### Exercise
Pick out each line of the records in which the word "only" appears.

Records excerpted from a collection
○ ○ ○ ○ ○
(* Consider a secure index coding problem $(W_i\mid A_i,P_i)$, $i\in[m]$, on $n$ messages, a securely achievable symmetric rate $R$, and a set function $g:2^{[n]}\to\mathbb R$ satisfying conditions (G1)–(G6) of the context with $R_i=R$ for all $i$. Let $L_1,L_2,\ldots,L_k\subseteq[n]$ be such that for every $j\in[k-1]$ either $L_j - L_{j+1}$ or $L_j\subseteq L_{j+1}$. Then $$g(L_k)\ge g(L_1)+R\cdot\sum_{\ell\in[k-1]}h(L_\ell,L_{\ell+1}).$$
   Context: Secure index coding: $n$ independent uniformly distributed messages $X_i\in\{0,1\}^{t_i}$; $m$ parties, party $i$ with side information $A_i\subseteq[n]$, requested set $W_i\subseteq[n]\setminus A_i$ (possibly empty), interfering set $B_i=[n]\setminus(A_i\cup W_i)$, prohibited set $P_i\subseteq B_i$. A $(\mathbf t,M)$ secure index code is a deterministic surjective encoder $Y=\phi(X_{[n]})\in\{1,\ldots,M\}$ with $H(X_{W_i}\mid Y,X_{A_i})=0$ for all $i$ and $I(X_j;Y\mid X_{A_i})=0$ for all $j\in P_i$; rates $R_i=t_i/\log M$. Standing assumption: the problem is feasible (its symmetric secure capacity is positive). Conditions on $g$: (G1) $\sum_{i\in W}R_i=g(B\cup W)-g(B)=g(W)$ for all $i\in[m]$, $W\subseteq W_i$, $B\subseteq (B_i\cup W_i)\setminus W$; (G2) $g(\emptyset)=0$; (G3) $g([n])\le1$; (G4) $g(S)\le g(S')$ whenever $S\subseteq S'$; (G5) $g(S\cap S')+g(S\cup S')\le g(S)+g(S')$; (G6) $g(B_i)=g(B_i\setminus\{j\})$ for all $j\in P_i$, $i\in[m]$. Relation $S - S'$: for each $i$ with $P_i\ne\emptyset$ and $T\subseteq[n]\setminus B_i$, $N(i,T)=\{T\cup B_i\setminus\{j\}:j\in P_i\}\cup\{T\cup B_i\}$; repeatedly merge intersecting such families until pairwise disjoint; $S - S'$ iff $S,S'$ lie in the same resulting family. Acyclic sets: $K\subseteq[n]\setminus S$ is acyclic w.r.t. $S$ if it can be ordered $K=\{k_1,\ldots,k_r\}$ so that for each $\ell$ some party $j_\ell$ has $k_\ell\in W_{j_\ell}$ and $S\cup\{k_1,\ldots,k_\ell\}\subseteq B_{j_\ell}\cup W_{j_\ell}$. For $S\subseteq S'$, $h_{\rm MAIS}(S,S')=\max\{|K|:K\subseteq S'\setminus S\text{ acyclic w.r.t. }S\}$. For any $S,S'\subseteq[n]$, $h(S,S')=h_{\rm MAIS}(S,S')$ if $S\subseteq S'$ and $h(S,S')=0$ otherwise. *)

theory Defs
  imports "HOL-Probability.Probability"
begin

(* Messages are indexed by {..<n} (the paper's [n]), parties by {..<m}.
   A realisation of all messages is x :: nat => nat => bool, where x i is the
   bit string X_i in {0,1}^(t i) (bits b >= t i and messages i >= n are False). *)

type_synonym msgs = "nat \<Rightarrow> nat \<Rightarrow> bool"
○ ○ ○ ○ ○
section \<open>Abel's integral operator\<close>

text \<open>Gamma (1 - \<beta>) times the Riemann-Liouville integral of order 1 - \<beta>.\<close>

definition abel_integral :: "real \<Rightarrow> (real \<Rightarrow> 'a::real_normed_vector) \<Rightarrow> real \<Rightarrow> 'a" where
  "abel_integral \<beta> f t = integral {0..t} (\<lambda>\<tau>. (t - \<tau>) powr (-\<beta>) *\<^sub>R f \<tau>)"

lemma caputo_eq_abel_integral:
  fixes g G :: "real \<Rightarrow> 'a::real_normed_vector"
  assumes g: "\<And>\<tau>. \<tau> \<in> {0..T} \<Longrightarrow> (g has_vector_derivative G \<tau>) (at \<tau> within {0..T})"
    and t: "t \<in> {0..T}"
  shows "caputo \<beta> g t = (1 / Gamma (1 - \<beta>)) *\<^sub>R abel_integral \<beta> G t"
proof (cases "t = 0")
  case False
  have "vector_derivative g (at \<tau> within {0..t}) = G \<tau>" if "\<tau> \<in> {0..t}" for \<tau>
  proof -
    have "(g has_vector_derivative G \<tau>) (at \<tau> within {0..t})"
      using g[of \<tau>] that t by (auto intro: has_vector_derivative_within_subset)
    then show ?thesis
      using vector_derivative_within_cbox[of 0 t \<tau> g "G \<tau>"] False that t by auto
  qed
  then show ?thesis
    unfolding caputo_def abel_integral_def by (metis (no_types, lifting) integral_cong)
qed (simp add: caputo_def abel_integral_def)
○ ○ ○ ○ ○
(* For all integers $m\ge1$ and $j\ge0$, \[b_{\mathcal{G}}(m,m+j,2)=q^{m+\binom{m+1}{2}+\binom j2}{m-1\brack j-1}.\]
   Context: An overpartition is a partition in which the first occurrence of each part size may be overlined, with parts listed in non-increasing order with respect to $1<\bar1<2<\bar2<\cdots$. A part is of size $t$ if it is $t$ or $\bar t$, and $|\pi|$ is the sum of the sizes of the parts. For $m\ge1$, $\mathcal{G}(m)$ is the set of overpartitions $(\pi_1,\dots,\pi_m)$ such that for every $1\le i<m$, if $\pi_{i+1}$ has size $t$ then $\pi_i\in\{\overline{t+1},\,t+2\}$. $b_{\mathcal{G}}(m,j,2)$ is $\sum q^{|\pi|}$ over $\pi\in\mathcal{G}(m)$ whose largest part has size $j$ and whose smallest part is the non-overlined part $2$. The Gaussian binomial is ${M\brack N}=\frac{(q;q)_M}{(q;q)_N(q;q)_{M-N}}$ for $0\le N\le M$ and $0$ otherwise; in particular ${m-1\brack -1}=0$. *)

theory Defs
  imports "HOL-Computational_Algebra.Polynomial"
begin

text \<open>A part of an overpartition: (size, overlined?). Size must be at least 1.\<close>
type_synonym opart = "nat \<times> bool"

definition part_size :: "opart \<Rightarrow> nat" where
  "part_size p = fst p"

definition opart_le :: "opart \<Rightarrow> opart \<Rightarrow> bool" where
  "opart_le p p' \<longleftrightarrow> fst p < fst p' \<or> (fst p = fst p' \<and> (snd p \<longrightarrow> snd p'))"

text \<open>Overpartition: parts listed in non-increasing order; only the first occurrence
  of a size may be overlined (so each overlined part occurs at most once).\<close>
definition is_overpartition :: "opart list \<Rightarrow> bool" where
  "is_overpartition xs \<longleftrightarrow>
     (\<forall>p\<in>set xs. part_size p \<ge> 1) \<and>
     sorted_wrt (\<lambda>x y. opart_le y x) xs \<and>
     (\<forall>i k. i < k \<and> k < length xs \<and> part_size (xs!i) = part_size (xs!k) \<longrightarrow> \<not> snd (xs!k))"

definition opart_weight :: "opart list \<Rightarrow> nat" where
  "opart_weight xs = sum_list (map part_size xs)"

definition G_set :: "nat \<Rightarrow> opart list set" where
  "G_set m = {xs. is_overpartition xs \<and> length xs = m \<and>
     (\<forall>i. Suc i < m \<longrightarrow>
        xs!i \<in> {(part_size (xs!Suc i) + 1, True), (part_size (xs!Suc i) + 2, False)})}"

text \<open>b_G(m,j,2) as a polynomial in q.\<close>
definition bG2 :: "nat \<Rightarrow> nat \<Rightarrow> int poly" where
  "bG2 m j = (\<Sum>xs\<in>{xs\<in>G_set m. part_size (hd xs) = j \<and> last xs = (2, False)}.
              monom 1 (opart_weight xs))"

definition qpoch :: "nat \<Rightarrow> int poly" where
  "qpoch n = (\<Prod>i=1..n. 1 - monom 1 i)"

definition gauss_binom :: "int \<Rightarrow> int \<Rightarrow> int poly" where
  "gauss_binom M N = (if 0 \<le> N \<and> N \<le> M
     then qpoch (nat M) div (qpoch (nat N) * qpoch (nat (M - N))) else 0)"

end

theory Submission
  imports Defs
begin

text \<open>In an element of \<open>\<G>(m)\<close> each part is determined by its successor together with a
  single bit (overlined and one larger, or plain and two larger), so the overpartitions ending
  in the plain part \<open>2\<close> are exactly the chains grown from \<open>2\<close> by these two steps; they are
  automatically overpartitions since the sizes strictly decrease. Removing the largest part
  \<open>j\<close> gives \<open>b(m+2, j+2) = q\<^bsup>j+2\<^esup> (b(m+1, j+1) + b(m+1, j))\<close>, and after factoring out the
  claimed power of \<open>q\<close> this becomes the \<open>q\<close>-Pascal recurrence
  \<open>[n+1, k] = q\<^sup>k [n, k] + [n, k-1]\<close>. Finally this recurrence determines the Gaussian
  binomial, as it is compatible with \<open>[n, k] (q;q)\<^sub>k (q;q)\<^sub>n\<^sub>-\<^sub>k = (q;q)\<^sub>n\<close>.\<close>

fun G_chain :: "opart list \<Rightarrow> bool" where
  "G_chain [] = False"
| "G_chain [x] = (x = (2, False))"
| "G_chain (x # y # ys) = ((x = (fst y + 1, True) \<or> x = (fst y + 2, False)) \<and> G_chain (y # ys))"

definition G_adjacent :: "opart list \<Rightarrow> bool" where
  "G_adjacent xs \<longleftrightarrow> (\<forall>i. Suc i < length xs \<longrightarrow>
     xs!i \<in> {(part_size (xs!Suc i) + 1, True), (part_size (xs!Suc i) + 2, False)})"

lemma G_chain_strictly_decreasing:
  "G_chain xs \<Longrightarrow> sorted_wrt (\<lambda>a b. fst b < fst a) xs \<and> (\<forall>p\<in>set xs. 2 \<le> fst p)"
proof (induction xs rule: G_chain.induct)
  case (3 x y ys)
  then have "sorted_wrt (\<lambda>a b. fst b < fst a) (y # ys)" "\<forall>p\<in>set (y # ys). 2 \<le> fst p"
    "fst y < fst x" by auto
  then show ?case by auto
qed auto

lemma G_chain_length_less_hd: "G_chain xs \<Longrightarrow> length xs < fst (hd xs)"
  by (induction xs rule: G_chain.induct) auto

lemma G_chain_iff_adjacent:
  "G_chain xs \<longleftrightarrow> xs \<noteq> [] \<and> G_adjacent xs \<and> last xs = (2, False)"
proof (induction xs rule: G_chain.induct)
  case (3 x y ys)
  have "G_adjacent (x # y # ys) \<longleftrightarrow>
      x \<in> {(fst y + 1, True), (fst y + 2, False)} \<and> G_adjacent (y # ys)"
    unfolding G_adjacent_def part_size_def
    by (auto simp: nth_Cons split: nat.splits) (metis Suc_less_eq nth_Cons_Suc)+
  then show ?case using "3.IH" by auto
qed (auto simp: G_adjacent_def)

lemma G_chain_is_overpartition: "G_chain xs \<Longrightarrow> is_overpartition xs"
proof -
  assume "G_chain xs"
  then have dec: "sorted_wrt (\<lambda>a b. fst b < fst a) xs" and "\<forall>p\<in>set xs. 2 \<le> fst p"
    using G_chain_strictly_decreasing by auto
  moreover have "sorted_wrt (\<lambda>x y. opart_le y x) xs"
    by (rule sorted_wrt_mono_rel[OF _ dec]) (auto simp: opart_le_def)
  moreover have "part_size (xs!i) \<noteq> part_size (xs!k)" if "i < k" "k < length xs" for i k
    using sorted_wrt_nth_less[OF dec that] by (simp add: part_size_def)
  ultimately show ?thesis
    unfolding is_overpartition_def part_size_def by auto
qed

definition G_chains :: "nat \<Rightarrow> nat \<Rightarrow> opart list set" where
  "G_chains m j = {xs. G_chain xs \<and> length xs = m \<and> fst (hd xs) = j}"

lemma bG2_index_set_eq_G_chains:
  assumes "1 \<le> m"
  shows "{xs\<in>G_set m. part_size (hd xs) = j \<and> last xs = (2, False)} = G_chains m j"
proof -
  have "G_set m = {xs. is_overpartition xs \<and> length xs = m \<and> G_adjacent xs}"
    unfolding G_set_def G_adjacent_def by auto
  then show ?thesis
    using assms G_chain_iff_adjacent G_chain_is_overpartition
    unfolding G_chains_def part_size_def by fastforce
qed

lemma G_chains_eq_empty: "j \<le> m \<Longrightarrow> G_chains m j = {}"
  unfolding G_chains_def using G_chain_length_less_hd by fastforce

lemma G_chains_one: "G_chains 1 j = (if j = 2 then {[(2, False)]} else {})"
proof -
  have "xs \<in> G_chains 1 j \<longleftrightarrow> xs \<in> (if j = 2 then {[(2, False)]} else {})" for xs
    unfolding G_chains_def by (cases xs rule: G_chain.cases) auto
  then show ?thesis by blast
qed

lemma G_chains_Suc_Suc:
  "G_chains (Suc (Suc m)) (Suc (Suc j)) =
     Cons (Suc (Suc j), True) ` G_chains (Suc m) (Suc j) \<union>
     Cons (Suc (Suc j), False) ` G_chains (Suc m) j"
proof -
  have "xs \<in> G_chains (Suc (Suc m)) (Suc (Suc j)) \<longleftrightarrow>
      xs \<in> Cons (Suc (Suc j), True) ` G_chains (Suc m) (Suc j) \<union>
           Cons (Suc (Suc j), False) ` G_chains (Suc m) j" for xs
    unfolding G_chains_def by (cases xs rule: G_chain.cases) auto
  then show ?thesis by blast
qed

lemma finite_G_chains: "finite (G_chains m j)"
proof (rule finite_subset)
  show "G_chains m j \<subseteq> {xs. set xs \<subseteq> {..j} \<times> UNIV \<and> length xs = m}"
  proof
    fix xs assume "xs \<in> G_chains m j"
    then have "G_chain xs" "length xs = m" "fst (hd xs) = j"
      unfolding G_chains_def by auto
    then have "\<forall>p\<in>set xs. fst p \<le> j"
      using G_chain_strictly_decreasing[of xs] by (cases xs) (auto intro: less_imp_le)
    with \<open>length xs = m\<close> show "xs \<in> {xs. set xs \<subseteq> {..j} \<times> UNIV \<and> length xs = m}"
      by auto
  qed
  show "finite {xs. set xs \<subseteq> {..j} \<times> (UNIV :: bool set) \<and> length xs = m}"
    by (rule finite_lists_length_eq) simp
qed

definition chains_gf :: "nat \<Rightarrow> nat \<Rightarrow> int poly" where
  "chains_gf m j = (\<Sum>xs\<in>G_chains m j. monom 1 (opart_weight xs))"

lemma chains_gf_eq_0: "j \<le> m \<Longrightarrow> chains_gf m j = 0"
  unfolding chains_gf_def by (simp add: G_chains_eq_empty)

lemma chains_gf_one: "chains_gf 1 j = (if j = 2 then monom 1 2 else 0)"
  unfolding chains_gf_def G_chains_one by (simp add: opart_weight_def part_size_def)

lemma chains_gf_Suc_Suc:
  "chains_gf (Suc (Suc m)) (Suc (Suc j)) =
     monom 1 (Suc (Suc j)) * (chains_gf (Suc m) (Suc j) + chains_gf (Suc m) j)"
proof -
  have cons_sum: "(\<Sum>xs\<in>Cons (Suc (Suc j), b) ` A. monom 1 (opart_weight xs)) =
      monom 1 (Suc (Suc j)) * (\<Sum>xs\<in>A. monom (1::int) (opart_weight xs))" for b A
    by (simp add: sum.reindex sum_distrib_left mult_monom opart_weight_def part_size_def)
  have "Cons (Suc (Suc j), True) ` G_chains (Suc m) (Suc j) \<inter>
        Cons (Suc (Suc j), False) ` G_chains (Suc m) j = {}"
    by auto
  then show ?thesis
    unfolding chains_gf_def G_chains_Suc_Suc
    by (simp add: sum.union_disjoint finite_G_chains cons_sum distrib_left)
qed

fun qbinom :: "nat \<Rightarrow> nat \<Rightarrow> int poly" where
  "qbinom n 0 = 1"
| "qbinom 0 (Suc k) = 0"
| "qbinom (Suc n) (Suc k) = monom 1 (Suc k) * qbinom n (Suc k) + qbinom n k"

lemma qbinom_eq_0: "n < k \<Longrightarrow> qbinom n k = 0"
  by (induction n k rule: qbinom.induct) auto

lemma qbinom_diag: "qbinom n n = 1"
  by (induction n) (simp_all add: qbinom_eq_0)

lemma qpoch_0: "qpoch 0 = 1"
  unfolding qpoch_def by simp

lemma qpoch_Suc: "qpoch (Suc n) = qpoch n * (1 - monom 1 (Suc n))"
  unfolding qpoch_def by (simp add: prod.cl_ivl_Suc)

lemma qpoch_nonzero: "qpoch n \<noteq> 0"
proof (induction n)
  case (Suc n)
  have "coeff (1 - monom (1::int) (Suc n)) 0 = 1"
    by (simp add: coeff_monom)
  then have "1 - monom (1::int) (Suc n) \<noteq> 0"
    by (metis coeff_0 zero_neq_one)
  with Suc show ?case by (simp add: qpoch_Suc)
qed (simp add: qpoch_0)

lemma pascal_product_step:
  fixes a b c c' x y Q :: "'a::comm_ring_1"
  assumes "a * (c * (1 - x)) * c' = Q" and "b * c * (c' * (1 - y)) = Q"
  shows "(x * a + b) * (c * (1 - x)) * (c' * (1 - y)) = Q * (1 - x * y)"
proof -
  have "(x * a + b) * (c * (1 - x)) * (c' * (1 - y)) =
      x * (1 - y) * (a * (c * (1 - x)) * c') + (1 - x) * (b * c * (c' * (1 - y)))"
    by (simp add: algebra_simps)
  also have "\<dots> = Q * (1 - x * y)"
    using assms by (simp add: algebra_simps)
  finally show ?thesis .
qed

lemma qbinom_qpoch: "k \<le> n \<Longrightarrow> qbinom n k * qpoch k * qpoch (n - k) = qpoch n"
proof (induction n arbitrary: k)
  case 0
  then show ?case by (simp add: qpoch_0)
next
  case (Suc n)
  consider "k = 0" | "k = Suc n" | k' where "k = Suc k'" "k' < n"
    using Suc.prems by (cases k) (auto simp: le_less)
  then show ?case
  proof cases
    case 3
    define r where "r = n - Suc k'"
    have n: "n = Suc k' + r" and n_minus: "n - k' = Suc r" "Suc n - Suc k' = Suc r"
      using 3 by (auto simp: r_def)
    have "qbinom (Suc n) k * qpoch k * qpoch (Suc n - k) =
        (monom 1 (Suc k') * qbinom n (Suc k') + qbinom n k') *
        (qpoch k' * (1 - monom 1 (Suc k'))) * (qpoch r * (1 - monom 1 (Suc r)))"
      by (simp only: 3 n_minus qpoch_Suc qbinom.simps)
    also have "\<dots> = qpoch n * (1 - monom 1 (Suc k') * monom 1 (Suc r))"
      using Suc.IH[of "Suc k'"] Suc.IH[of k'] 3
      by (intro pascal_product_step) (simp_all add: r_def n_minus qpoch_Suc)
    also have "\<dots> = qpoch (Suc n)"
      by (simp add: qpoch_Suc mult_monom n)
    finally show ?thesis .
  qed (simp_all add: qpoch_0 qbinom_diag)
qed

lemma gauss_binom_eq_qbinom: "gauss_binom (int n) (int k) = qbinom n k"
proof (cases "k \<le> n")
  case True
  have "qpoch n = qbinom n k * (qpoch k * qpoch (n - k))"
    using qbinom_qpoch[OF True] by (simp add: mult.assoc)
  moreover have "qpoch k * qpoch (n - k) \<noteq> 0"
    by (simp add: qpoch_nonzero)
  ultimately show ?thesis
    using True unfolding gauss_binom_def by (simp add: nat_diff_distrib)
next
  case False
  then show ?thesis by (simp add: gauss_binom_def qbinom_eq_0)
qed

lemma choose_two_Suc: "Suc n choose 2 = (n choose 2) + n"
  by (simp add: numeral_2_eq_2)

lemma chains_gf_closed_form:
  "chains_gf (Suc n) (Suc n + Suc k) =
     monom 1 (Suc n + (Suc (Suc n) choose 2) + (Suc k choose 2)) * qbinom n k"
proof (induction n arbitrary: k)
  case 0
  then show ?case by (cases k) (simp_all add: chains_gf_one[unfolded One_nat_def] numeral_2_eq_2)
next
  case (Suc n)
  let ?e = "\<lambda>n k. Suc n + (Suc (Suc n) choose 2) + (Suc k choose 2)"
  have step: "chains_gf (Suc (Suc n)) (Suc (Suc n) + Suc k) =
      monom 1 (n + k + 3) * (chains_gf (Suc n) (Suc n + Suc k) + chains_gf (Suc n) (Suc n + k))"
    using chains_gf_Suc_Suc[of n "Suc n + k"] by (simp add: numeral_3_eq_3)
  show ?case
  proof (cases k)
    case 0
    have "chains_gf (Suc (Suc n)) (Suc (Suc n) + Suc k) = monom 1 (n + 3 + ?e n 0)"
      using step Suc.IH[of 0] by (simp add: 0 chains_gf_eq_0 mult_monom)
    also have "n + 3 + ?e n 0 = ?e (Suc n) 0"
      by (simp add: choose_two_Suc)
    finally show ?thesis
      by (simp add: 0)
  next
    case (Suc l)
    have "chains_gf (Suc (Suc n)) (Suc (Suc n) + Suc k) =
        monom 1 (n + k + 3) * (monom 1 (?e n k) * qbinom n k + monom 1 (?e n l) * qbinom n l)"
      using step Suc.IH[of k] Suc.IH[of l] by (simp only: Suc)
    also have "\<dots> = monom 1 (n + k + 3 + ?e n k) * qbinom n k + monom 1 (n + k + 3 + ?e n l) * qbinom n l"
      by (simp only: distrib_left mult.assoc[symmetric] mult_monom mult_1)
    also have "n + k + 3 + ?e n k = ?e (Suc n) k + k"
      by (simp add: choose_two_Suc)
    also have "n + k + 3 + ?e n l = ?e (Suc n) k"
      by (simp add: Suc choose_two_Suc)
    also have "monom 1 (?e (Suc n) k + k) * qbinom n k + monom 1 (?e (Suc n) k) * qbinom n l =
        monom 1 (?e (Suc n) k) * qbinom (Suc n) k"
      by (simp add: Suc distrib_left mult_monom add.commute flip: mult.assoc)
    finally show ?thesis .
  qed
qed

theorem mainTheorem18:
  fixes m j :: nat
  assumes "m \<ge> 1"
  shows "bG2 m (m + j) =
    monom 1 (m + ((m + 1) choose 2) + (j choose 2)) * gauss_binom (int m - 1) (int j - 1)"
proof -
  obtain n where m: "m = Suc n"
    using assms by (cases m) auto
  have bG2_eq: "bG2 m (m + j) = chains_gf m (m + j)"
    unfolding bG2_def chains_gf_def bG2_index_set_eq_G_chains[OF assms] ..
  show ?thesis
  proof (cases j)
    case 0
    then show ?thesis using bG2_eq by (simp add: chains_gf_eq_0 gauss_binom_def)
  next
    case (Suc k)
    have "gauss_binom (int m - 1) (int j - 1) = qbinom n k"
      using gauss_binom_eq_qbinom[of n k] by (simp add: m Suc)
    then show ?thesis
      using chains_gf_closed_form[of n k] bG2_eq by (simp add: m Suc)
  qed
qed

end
○ ○ ○ ○ ○
### Response below
text \<open>Overpartition: parts listed in non-increasing order; only the first occurrence
      by (simp only: 3 n_minus qpoch_Suc qbinom.simps)
      using step Suc.IH[of k] Suc.IH[of l] by (simp only: Suc)
      by (simp only: distrib_left mult.assoc[symmetric] mult_monom mult_1)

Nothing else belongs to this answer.